(* Let $G$ be a connected graph of order $n\ge 2$, and let $H$ be a graph of order $m\ge 1$. (a) If $n\ge 4$, then $O_{\rm SR}(G\odot H)=\mathcal{B}$. (b) If $n=3$, then $O_{\rm SR}(G\odot H)=\mathcal{N}$ if $m=1$ and $O_{\rm SR}(G\odot H)=\mathcal{B}$ if $m\ge 2$. (c) If $n=2$, then $O_{\rm SR}(G\odot H)=\mathcal{M}$ if $m=1$ and $O_{\rm SR}(G\odot H)=\mathcal{B}$ if $m\ge 2$.
   Context: All graphs are finite, simple and undirected. For graphs $G$ with $V(G)=\{u_1,\dots,u_n\}$ and $H$, the corona product $G\odot H$ is obtained from $G$ and $n$ disjoint copies $H_1,\dots,H_n$ of $H$ by adding an edge from $u_i$ to every vertex of $H_i$ for each $i$. A set $S\subseteq V(X)$ is a strong resolving set of a connected graph $X$ if for all distinct $x,y\in V(X)$ there exists $z\in S$ such that $x$ lies on a $y$–$z$ geodesic or $y$ lies on an $x$–$z$ geodesic. The Maker–Breaker strong resolving game on $X$: Maker and Breaker alternately select a not-yet-chosen vertex of $X$; Maker wins if the vertices he selects contain a strong resolving set of $X$, Breaker wins otherwise. In the M-game Maker moves first, in the B-game Breaker moves first. $O_{\rm SR}(X)=\mathcal{M}$ if Maker has a winning strategy in both games, $\mathcal{B}$ if Breaker has a winning strategy in both, and $\mathcal{N}$ if the first player has a winning strategy in each. *)

theory Defs
  imports Main
begin

definition simple_graph :: "'a set \<Rightarrow> ('a \<Rightarrow> 'a \<Rightarrow> bool) \<Rightarrow> bool" where
  "simple_graph V E \<longleftrightarrow> finite V \<and> (\<forall>x y. E x y \<longrightarrow> x \<in> V \<and> y \<in> V)
     \<and> (\<forall>x y. E x y \<longrightarrow> E y x) \<and> (\<forall>x. \<not> E x x)"

definition walk :: "'a set \<Rightarrow> ('a \<Rightarrow> 'a \<Rightarrow> bool) \<Rightarrow> 'a list \<Rightarrow> bool" where
  "walk V E p \<longleftrightarrow> p \<noteq> [] \<and> set p \<subseteq> V \<and> (\<forall>i. Suc i < length p \<longrightarrow> E (p ! i) (p ! Suc i))"

definition connected_graph :: "'a set \<Rightarrow> ('a \<Rightarrow> 'a \<Rightarrow> bool) \<Rightarrow> bool" where
  "connected_graph V E \<longleftrightarrow> V \<noteq> {} \<and>
     (\<forall>x\<in>V. \<forall>y\<in>V. \<exists>p. walk V E p \<and> hd p = x \<and> last p = y)"

definition gdist :: "'a set \<Rightarrow> ('a \<Rightarrow> 'a \<Rightarrow> bool) \<Rightarrow> 'a \<Rightarrow> 'a \<Rightarrow> nat" where
  "gdist V E x y = (LEAST k. \<exists>p. walk V E p \<and> hd p = x \<and> last p = y \<and> length p = Suc k)"

definition geodesic :: "'a set \<Rightarrow> ('a \<Rightarrow> 'a \<Rightarrow> bool) \<Rightarrow> 'a list \<Rightarrow> 'a \<Rightarrow> 'a \<Rightarrow> bool" where
  "geodesic V E p y z \<longleftrightarrow> walk V E p \<and> hd p = y \<and> last p = z \<and> length p = Suc (gdist V E y z)"

definition on_geodesic :: "'a set \<Rightarrow> ('a \<Rightarrow> 'a \<Rightarrow> bool) \<Rightarrow> 'a \<Rightarrow> 'a \<Rightarrow> 'a \<Rightarrow> bool" where
  "on_geodesic V E x y z \<longleftrightarrow> (\<exists>p. geodesic V E p y z \<and> x \<in> set p)"

definition strong_resolving_set :: "'a set \<Rightarrow> ('a \<Rightarrow> 'a \<Rightarrow> bool) \<Rightarrow> 'a set \<Rightarrow> bool" where
  "strong_resolving_set V E S \<longleftrightarrow> S \<subseteq> V \<and>
     (\<forall>x\<in>V. \<forall>y\<in>V. x \<noteq> y \<longrightarrow> (\<exists>z\<in>S. on_geodesic V E x y z \<or> on_geodesic V E y x z))"

text \<open>Corona product G \<odot> H: vertices Inl u (u in G) and Inr (u,h) (vertex h of the copy H_u).\<close>
definition corona_V :: "'a set \<Rightarrow> 'b set \<Rightarrow> ('a + 'a \<times> 'b) set" where
  "corona_V VG VH = Inl ` VG \<union> Inr ` (VG \<times> VH)"

fun corona_E :: "'a set \<Rightarrow> ('a \<Rightarrow> 'a \<Rightarrow> bool) \<Rightarrow> 'b set \<Rightarrow> ('b \<Rightarrow> 'b \<Rightarrow> bool)
    \<Rightarrow> ('a + 'a \<times> 'b) \<Rightarrow> ('a + 'a \<times> 'b) \<Rightarrow> bool" where
  "corona_E VG EG VH EH (Inl u) (Inl v) = EG u v"
| "corona_E VG EG VH EH (Inl u) (Inr (v, h)) = (u = v \<and> u \<in> VG \<and> h \<in> VH)"
| "corona_E VG EG VH EH (Inr (v, h)) (Inl u) = (u = v \<and> u \<in> VG \<and> h \<in> VH)"
| "corona_E VG EG VH EH (Inr (u, h)) (Inr (v, k)) = (u = v \<and> u \<in> VG \<and> EH h k)"

text \<open>Maker-Breaker game on board X with winning sets W (Maker wins iff his final set
  contains a set satisfying W).  maker_wins k mturn X M B: with k free vertices left,
  Maker has chosen M, Breaker B, and mturn says whether Maker moves next; true iff
  Maker has a winning strategy from this position (finite game, evaluated by minimax).\<close>
fun maker_wins :: "nat \<Rightarrow> bool \<Rightarrow> ('a set \<Rightarrow> bool) \<Rightarrow> 'a set \<Rightarrow> 'a set \<Rightarrow> 'a set \<Rightarrow> bool" where
  "maker_wins 0 mturn W X M B = (\<exists>S\<subseteq>M. W S)"
| "maker_wins (Suc k) mturn W X M B =
     (if mturn then (\<exists>x\<in>X - (M \<union> B). maker_wins k False W X (insert x M) B)
      else (\<forall>x\<in>X - (M \<union> B). maker_wins k True W X M (insert x B)))"

definition maker_wins_M_game :: "('a set \<Rightarrow> bool) \<Rightarrow> 'a set \<Rightarrow> bool" where
  "maker_wins_M_game W X = maker_wins (card X) True W X {} {}"

definition maker_wins_B_game :: "('a set \<Rightarrow> bool) \<Rightarrow> 'a set \<Rightarrow> bool" where
  "maker_wins_B_game W X = maker_wins (card X) False W X {} {}"

datatype outcome = Out_M | Out_B | Out_N | Out_P

text \<open>Outcome (finite games are determined: Breaker wins iff Maker does not).
  Out_P (second player wins both) is included for totality.\<close>
definition game_outcome :: "('a set \<Rightarrow> bool) \<Rightarrow> 'a set \<Rightarrow> outcome" where
  "game_outcome W X =
    (if maker_wins_M_game W X \<and> maker_wins_B_game W X then Out_M
     else if \<not> maker_wins_M_game W X \<and> \<not> maker_wins_B_game W X then Out_B
     else if maker_wins_M_game W X \<and> \<not> maker_wins_B_game W X then Out_N
     else Out_P)"

definition O_SR :: "'a set \<Rightarrow> ('a \<Rightarrow> 'a \<Rightarrow> bool) \<Rightarrow> outcome" where
  "O_SR V E = game_outcome (strong_resolving_set V E) V"

end

theory Submission
  imports Defs
begin

text \<open>Two mutually maximally distant vertices of a graph can never both be omitted from a strong
  resolving set, so Breaker wins as soon as he owns such a pair. In G \<odot> H, vertices in
  different copies of H are mutually maximally distant (a geodesic enters a copy through its
  root, so it cannot pass through the copy), and for m = 2 so are the two vertices of one copy.
  Breaker claims a vertex y of a copy and then a partner of y that Maker has not taken; this
  works in the B-game if y has at least (n - 1) m \<ge> 2 partners and in the M-game if it has at
  least 3, which covers all cases except m = 1 with n \<le> 3. For m = 1 every root lies on all
  geodesics ending at its leaf, so all leaves but one form a strong resolving set, and Maker,
  by claiming leaves, leaves Breaker at most one of them exactly when n \<le> 3 in the M-game and
  n = 2 in the B-game.\<close>

section \<open>Walks and geodesics\<close>

lemma walk_iff_successively:
  "walk V E p \<longleftrightarrow> p \<noteq> [] \<and> set p \<subseteq> V \<and> successively E p"
  by (simp add: walk_def successively_conv_nth)

lemma walk_rev_iff: "walk V E (rev p) \<longleftrightarrow> walk V (\<lambda>x y. E y x) p"
  by (simp add: walk_iff_successively)

lemma walk_take: "walk V E p \<Longrightarrow> walk V E (take (Suc i) p)"
  using successively_append_iff[of E "take (Suc i) p" "drop (Suc i) p"] set_take_subset[of "Suc i" p]
  by (auto simp: walk_iff_successively)

lemma walk_drop: "walk V E p \<Longrightarrow> i < length p \<Longrightarrow> walk V E (drop i p)"
  using successively_append_iff[of E "take i p" "drop i p"] set_drop_subset[of i p]
  by (auto simp: walk_iff_successively)

lemma walk_append:
  "walk V E p \<Longrightarrow> walk V E q \<Longrightarrow> E (last p) (hd q) \<Longrightarrow> walk V E (p @ q)"
  by (auto simp: walk_iff_successively successively_append_iff)

lemma walk_glue:
  assumes "walk V E p" "walk V E q" "last p = hd q"
  shows "walk V E (p @ tl q)"
proof (cases q)
  case Nil
  then show ?thesis using assms(2) by (simp add: walk_def)
next
  case (Cons a r)
  show ?thesis
  proof (cases r)
    case Nil
    then show ?thesis using assms(1) Cons by simp
  next
    case (Cons b s)
    then show ?thesis
      using assms \<open>q = a # r\<close> by (auto simp: walk_iff_successively successively_append_iff)
  qed
qed

lemma geodesic_length_le:
  assumes "geodesic V E p y z" "walk V E q" "hd q = y" "last q = z"
  shows "length p \<le> length q"
proof -
  have "gdist V E y z \<le> length q - 1"
    unfolding gdist_def using assms(2-4) by (intro Least_le) (auto simp: walk_def)
  moreover have "0 < length q" using assms(2) by (simp add: walk_def)
  ultimately show ?thesis using assms(1) unfolding geodesic_def by linarith
qed

definition joined :: "'a set \<Rightarrow> ('a \<Rightarrow> 'a \<Rightarrow> bool) \<Rightarrow> 'a \<Rightarrow> 'a \<Rightarrow> bool" where
  "joined V E x y \<longleftrightarrow> (\<exists>p. walk V E p \<and> hd p = x \<and> last p = y)"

————————

What is asked for is an exact copy of the lines above from the one containing "(Inl u) (Inr" through the one containing "Maker has a winning strategy from", and only those.

▶ [Expected output]
| "corona_E VG EG VH EH (Inl u) (Inr (v, h)) = (u = v \<and> u \<in> VG \<and> h \<in> VH)"
| "corona_E VG EG VH EH (Inr (v, h)) (Inl u) = (u = v \<and> u \<in> VG \<and> h \<in> VH)"
| "corona_E VG EG VH EH (Inr (u, h)) (Inr (v, k)) = (u = v \<and> u \<in> VG \<and> EH h k)"

text \<open>Maker-Breaker game on board X with winning sets W (Maker wins iff his final set
  contains a set satisfying W).  maker_wins k mturn X M B: with k free vertices left,
  Maker has chosen M, Breaker B, and mturn says whether Maker moves next; true iff
  Maker has a winning strategy from this position (finite game, evaluated by minimax).\<close>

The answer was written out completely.